Freshman: first time taking midterms

by Julia Blando, staff writer

“I love the midterms,” Stephen McRae, freshman, said.

Yet most freshman are very worried about midterms, as it is their first time taking them, and have already started studying.

“I’ve been studying 15 or 20 minutes each night for about a week, and this weekend I’m going to do about an hour each day, and I’ll do maybe 30 minutes each night the actual week of midterms,” Tyler Richardson, freshman, said.

“I’m just gonna study probably enough to get a good grade. Especially in like, math, and English, because, why not?” Eric Tymoshenko, freshman, said. His favorite study method is to “cram it all in the last second.”

“I’m planning on studying a lot, like a lot a lot a lot,” Benjamin Solomon, freshman, said. He started studying every day, two weeks before midterms began.

“Probably over the weekends, I’ll do like, one to two hours each day,” McRae said. “I usually study from like 1 to 3 o’clock by using my notes and old homeworks.”

“I’m gonna study a lot, with the study guides,” Alexandra Long, freshman, said.

What they think:

“I don’t think they’re necessarily a good way to measure how well people are doing in a class; not everybody is good at taking tests. But there isn’t really another good way, at least that I can think of, to see how well somebody’s doing,” Richardson said.
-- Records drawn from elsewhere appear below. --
lemma inner_symmetric_matrix_mult:
  fixes M :: "real^'n^'n"
  assumes "symmetric_mat M"
  shows "inner (M *v x) y = inner x (M *v y)"
proof -
  have "M *v x = x v* M"
    using assms unfolding symmetric_mat_def by (metis transpose_matrix_vector)
  then show ?thesis by (simp add: dot_lmul_matrix)
qed

lemma finite_eigenvalues_symmetric:
  fixes M :: "real^'n^'n"
  assumes "symmetric_mat M"
  shows "finite {r. \<exists>x. x \<noteq> 0 \<and> M *v x = r *\<^sub>R x}" (is "finite ?E")
proof -
  define ev where "ev r = (SOME x. x \<noteq> 0 \<and> M *v x = r *\<^sub>R x)" for r
  have ev: "ev r \<noteq> 0 \<and> M *v ev r = r *\<^sub>R ev r" if "r \<in> ?E" for r
    using that unfolding ev_def mem_Collect_eq by (rule someI_ex)
  have inj: "inj_on ev ?E"
  proof (rule inj_onI)
    fix r s assume "r \<in> ?E" "s \<in> ?E" "ev r = ev s"
    have "r *\<^sub>R ev r = M *v ev r" using ev[OF \<open>r \<in> ?E\<close>] by simp
    also have "\<dots> = s *\<^sub>R ev r" using ev[OF \<open>s \<in> ?E\<close>] \<open>ev r = ev s\<close> by simp
    finally show "r = s" using ev[OF \<open>r \<in> ?E\<close>] by simp
  qed
  have orth: "orthogonal (ev r) (ev s)" if "r \<in> ?E" "s \<in> ?E" "r \<noteq> s" for r s
  proof -
    have "r * inner (ev r) (ev s) = inner (M *v ev r) (ev s)" using ev[OF that(1)] by simp
    also have "\<dots> = inner (ev r) (M *v ev s)" by (rule inner_symmetric_matrix_mult[OF assms])
    also have "\<dots> = s * inner (ev r) (ev s)" using ev[OF that(2)] by simp
    finally show ?thesis using that(3) by (simp add: orthogonal_def)
  qed
  have "pairwise orthogonal (ev ` ?E)"
  proof (rule pairwiseI)
    fix a b assume "a \<in> ev ` ?E" "b \<in> ev ` ?E" "a \<noteq> b"
    then obtain r s where "r \<in> ?E" "s \<in> ?E" "a = ev r" "b = ev s" by blast
    with orth \<open>a \<noteq> b\<close> show "orthogonal a b" by blast
  qed
  moreover have "0 \<notin> ev ` ?E"
  proof
    assume "0 \<in> ev ` ?E"
    then obtain r where "r \<in> ?E" and "0 = ev r" by blast
    with ev[OF \<open>r \<in> ?E\<close>] show False by simp
  qed
  ultimately have "independent (ev ` ?E)" by (rule pairwise_orthogonal_independent)
  then have "finite (ev ` ?E)" using independent_bound by blast
  then show ?thesis using finite_imageD[OF _ inj] by blast
qed

lemma eigenvalue_of_singular_cmat_minus_mat:
  fixes M :: "real^'n^'n"
  assumes "symmetric_mat M" and "\<not> invertible (cmat M - mat z)"
  obtains x where "z = of_real (Re z)" and "x \<noteq> 0" and "M *v x = Re z *\<^sub>R x"
proof -
  have "\<not> (\<forall>v. (cmat M - mat z) *v v = 0 \<longrightarrow> v = 0)"
    using assms(2) matrix_left_invertible_ker invertible_left_inverse by blast
  then obtain v where "v \<noteq> 0" and "(cmat M - mat z) *v v = 0" by blast
  then have ev: "cmat M *v v = z *s v" by (simp add: matrix_minus_mat_mult_vector)
  have z: "z = of_real (Re z)"
    using cmat_eigenvalue_real[OF assms(1) \<open>v \<noteq> 0\<close> ev] by (simp add: complex_eq_iff)
  have "cmat M *v v = of_real (Re z) *s v"
    unfolding z[symmetric] by (rule ev)
  then obtain x where "x \<noteq> 0" and "M *v x = Re z *\<^sub>R x"
    by (rule real_eigenvector_of_cmat[OF \<open>v \<noteq> 0\<close>])
  with z show ?thesis by (rule that)
qed

lemma singular_cmat_minus_mat:
  fixes M :: "real^'n^'n"
  assumes "symmetric_mat M" and "\<not> invertible (cmat M - mat z)"
  shows "Im z = 0" and "\<bar>Re z\<bar> \<le> spec_norm M"
proof -
  obtain x where x: "z = of_real (Re z)" "x \<noteq> 0" "M *v x = Re z *\<^sub>R x"
    by (rule eigenvalue_of_singular_cmat_minus_mat[OF assms])
  then show "Im z = 0" by (metis Im_complex_of_real)
  show "\<bar>Re z\<bar> \<le> spec_norm M" using x(2,3) by (rule abs_eigenvalue_le_spec_norm)
qed

lemma invertible_cmat_minus_mat:
  fixes M :: "real^'n^'n"
  assumes "symmetric_mat M" and "Im z \<noteq> 0 \<or> spec_norm M < \<bar>Re z\<bar>"
  shows "invertible (cmat M - mat z)"
  using singular_cmat_minus_mat[OF assms(1)] assms(2) by fastforce

lemma invertible_cmat_minus_mat_norm:
  fixes M :: "real^'n^'n"
  assumes "symmetric_mat M" and "spec_norm M < cmod z"
  shows "invertible (cmat M - mat z)"
proof (rule ccontr)
  assume "\<not> invertible (cmat M - mat z)"
  then have "Im z = 0" "\<bar>Re z\<bar> \<le> spec_norm M" by (rule singular_cmat_minus_mat[OF assms(1)])+
  with assms(2) show False by (simp add: cmod_eq_Re)
qed

lemma finite_singular_cmat_minus_mat:
  fixes M :: "real^'n^'n"
  assumes "symmetric_mat M"
  shows "finite {z. \<not> invertible (cmat M - mat z)}"
proof (rule finite_subset)
  show "{z. \<not> invertible (cmat M - mat z)} \<subseteq> of_real ` {r. \<exists>x. x \<noteq> 0 \<and> M *v x = r *\<^sub>R x}"
  proof
    fix z assume "z \<in> {z. \<not> invertible (cmat M - mat z)}"
    then obtain x where "z = of_real (Re z)" "x \<noteq> 0" "M *v x = Re z *\<^sub>R x"
      by (auto elim: eigenvalue_of_singular_cmat_minus_mat[OF assms])
    then show "z \<in> of_real ` {r. \<exists>x. x \<noteq> 0 \<and> M *v x = r *\<^sub>R x}" by blast
  qed
qed (use finite_eigenvalues_symmetric[OF assms] in blast)

lemma matrix_mul_matrix_inv:
  fixes N :: "'a::field^'n^'n"
  assumes "invertible N"
  shows "N ** matrix_inv N = mat 1" and "matrix_inv N ** N = mat 1"
proof -
  have "\<exists>N'. N ** N' = mat 1 \<and> N' ** N = mat 1" using assms unfolding invertible_def by blast
  from someI_ex[OF this] show "N ** matrix_inv N = mat 1" "matrix_inv N ** N = mat 1"
    unfolding matrix_inv_def by auto
qed

lemma matrix_inv_eqI:
  fixes N P :: "'a::field^'n^'n"
  assumes "N ** P = mat 1"
  shows "matrix_inv N = P"
proof -
  have "invertible N" using assms invertible_right_inverse by blast
  have "matrix_inv N = (matrix_inv N ** N) ** P"
    by (simp add: assms matrix_mul_assoc[symmetric])
  also have "\<dots> = P" by (simp add: matrix_mul_matrix_inv[OF \<open>invertible N\<close>])
  finally show ?thesis .
qed

lemma resolvent_eq_matrix_inv: "resolvent M z = matrix_inv (cmat M - mat z)"
  unfolding resolvent_def mat_def ..

lemma resolvent_inverse:
  assumes "invertible (cmat M - mat z)"
  shows "(cmat M - mat z) ** resolvent M z = mat 1" and "resolvent M z ** (cmat M - mat z) = mat 1"
  unfolding resolvent_eq_matrix_inv by (simp_all add: matrix_mul_matrix_inv[OF assms])

lemma cmat_mult_resolvent_vector:
  assumes "invertible (cmat M - mat z)"
  shows "cmat M *v (resolvent M z *v v) = v + z *s (resolvent M z *v v)"
    and "(v v* resolvent M z) v* cmat M = v + z *s (v v* resolvent M z)"
proof -
  have "(cmat M - mat z) *v (resolvent M z *v v) = v"
    by (simp add: matrix_vector_mul_assoc resolvent_inverse[OF assms])
  then show "cmat M *v (resolvent M z *v v) = v + z *s (resolvent M z *v v)"
    by (simp only: matrix_minus_mat_mult_vector diff_eq_eq)
  have "(v v* resolvent M z) v* (cmat M - mat z) = v"
    by (simp add: vector_matrix_mul_assoc resolvent_inverse[OF assms])
  then show "(v v* resolvent M z) v* cmat M = v + z *s (v v* resolvent M z)"
    by (simp only: vector_mult_matrix_minus_mat diff_eq_eq)
qed

lemma cnj_resolvent:
  assumes "invertible (cmat M - mat z)"
  shows "cnj (resolvent M z $ i $ j) = resolvent M (cnj z) $ i $ j"
proof -
  have "(cmat M - mat (cnj z)) ** (\<chi> i j. cnj (resolvent M z $ i $ j)) = mat 1"
  proof -
    have "((cmat M - mat (cnj z)) ** (\<chi> i j. cnj (resolvent M z $ i $ j))) $ a $ b
        = cnj (((cmat M - mat z) ** resolvent M z) $ a $ b)" for a b
      by (simp add: matrix_matrix_mult_def mat_nth if_distrib[of cnj] cong: if_cong)
    then show ?thesis by (simp add: vec_eq_iff resolvent_inverse[OF assms] mat_nth)
  qed
  then show ?thesis unfolding resolvent_eq_matrix_inv[of M "cnj z"] by (simp add: matrix_inv_eqI)
qed

lemma holomorphic_on_det:
  fixes N :: "complex \<Rightarrow> complex^'n^'n"
  assumes "\<And>a b. (\<lambda>z. N z $ a $ b) holomorphic_on S"
  shows "(\<lambda>z. det (N z)) holomorphic_on S"
  unfolding det_def by (intro holomorphic_intros holomorphic_on_prod assms)

lemma matrix_inv_nth_cramer:
  fixes N :: "'a::field^'n^'n"
  assumes "invertible N"
  shows "matrix_inv N $ k $ j = det (\<chi> a b. if b = k then (if a = j then 1 else 0) else N $ a $ b) / det N"
proof -
  have "N *v (matrix_inv N *v axis j 1) = axis j 1"
    by (simp add: matrix_vector_mul_assoc matrix_mul_matrix_inv[OF assms])
  moreover have "det N \<noteq> 0" using assms invertible_det_nz by blast
  ultimately have "matrix_inv N *v axis j 1 = (\<chi> k. det (\<chi> a b. if b = k then axis j 1 $ a else N $ a $ b) / det N)"
    using cramer by blast
  then have "(matrix_inv N *v axis j 1) $ k = det (\<chi> a b. if b = k then axis j 1 $ a else N $ a $ b) / det N"
    by simp
  moreover have "(matrix_inv N *v axis j 1) $ k = matrix_inv N $ k $ j"
    by (simp add: matrix_vector_mult_def axis_def if_distrib[of "\<lambda>x. _ * x"] cong: if_cong)
  moreover have "(\<chi> a b. if b = k then axis j 1 $ a else N $ a $ b)
      = (\<chi> a b. if b = k then (if a = j then 1 else 0) else N $ a $ b)"
    by (simp add: vec_eq_iff axis_def)
  ultimately show ?thesis by simp
qed

lemma holomorphic_on_resolvent_nth:
  fixes M :: "real^'n^'n"
  assumes "g holomorphic_on S" and "\<And>z. z \<in> S \<Longrightarrow> invertible (cmat M - mat (g z))"
  shows "(\<lambda>z. resolvent M (g z) $ i $ j) holomorphic_on S"
proof -
  let ?N = "\<lambda>z. cmat M - mat (g z)"
  have N: "(\<lambda>z. ?N z $ a $ b) holomorphic_on S" for a b
    by (cases "a = b") (auto intro!: holomorphic_intros assms(1) simp: mat_nth)
  have cramer_entries:
    "(\<lambda>z. (\<chi> a b. if b = i then (if a = j then 1 else 0) else ?N z $ a $ b) $ a $ b) holomorphic_on S"
    for a b by (cases "b = i") (simp_all add: N del: vector_minus_component)
  have "(\<lambda>z. det (\<chi> a b. if b = i then (if a = j then 1 else 0) else ?N z $ a $ b) / det (?N z))
      holomorphic_on S"
    using assms(2) invertible_det_nz
    by (intro holomorphic_on_divide holomorphic_on_det N cramer_entries) auto
  then show ?thesis
    by (rule holomorphic_transform)
       (simp add: resolvent_eq_matrix_inv matrix_inv_nth_cramer[OF assms(2)])
qed

lemma norm_resolvent_mult_le:
  fixes M :: "real^'n^'n"
  assumes "invertible (cmat M - mat z)" and "onorm ((*v) (cmat M)) < cmod z"
  shows "norm (resolvent M z *v v) \<le> norm v / (cmod z - onorm ((*v) (cmat M)))"
proof -
  define K where "K = onorm ((*v) (cmat M))"
  define u where "u = resolvent M z *v v"
  have "v = cmat M *v u - z *s u"
    using cmat_mult_resolvent_vector(1)[OF assms(1)] unfolding u_def by simp
  then have "norm v \<ge> norm (z *s u) - norm (cmat M *v u)"
    by (metis norm_minus_commute norm_triangle_ineq2)
  moreover have "norm (cmat M *v u) \<le> K * norm u"
    unfolding K_def by (rule onorm) simp
  moreover have "norm (z *s u) = cmod z * norm u"
    by (simp add: norm_vec_def norm_mult L2_set_right_distrib)
  ultimately have "(cmod z - K) * norm u \<le> norm v" by (simp add: left_diff_distrib)
  with assms(2) show ?thesis unfolding u_def K_def by (simp add: field_simps)
qed

definition resolvent_sum :: "real^'n^'n \<Rightarrow> complex \<Rightarrow> complex" where
  "resolvent_sum M w = (\<Sum>i\<in>UNIV. (resolvent M w *v onesv) $ i)"

lemma resolvent_mult_ones_nonzero:
  fixes M :: "real^'n^'n"
  assumes "invertible (cmat M - mat w)"
  shows "resolvent M w *v onesv \<noteq> 0"
proof
  assume "resolvent M w *v onesv = 0"
  then have "(onesv :: complex^'n) = 0"
    using cmat_mult_resolvent_vector(1)[OF assms, of onesv] by simp
  then show False by (simp add: onesv_def vec_eq_iff)
qed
“I don’t think that there is a reason for them; I think that they’re pointless,” Tymoshenko said.

“I need to take midterms more seriously, since I’m in advanced classes,” McRae said.

“I mean, they’re good for learning, I don’t know,” Long said.

“No, I’m not going to study, because I’m not taking them, because Mr. Arlotta said I don’t have to,” Nick Marcello, freshman, said.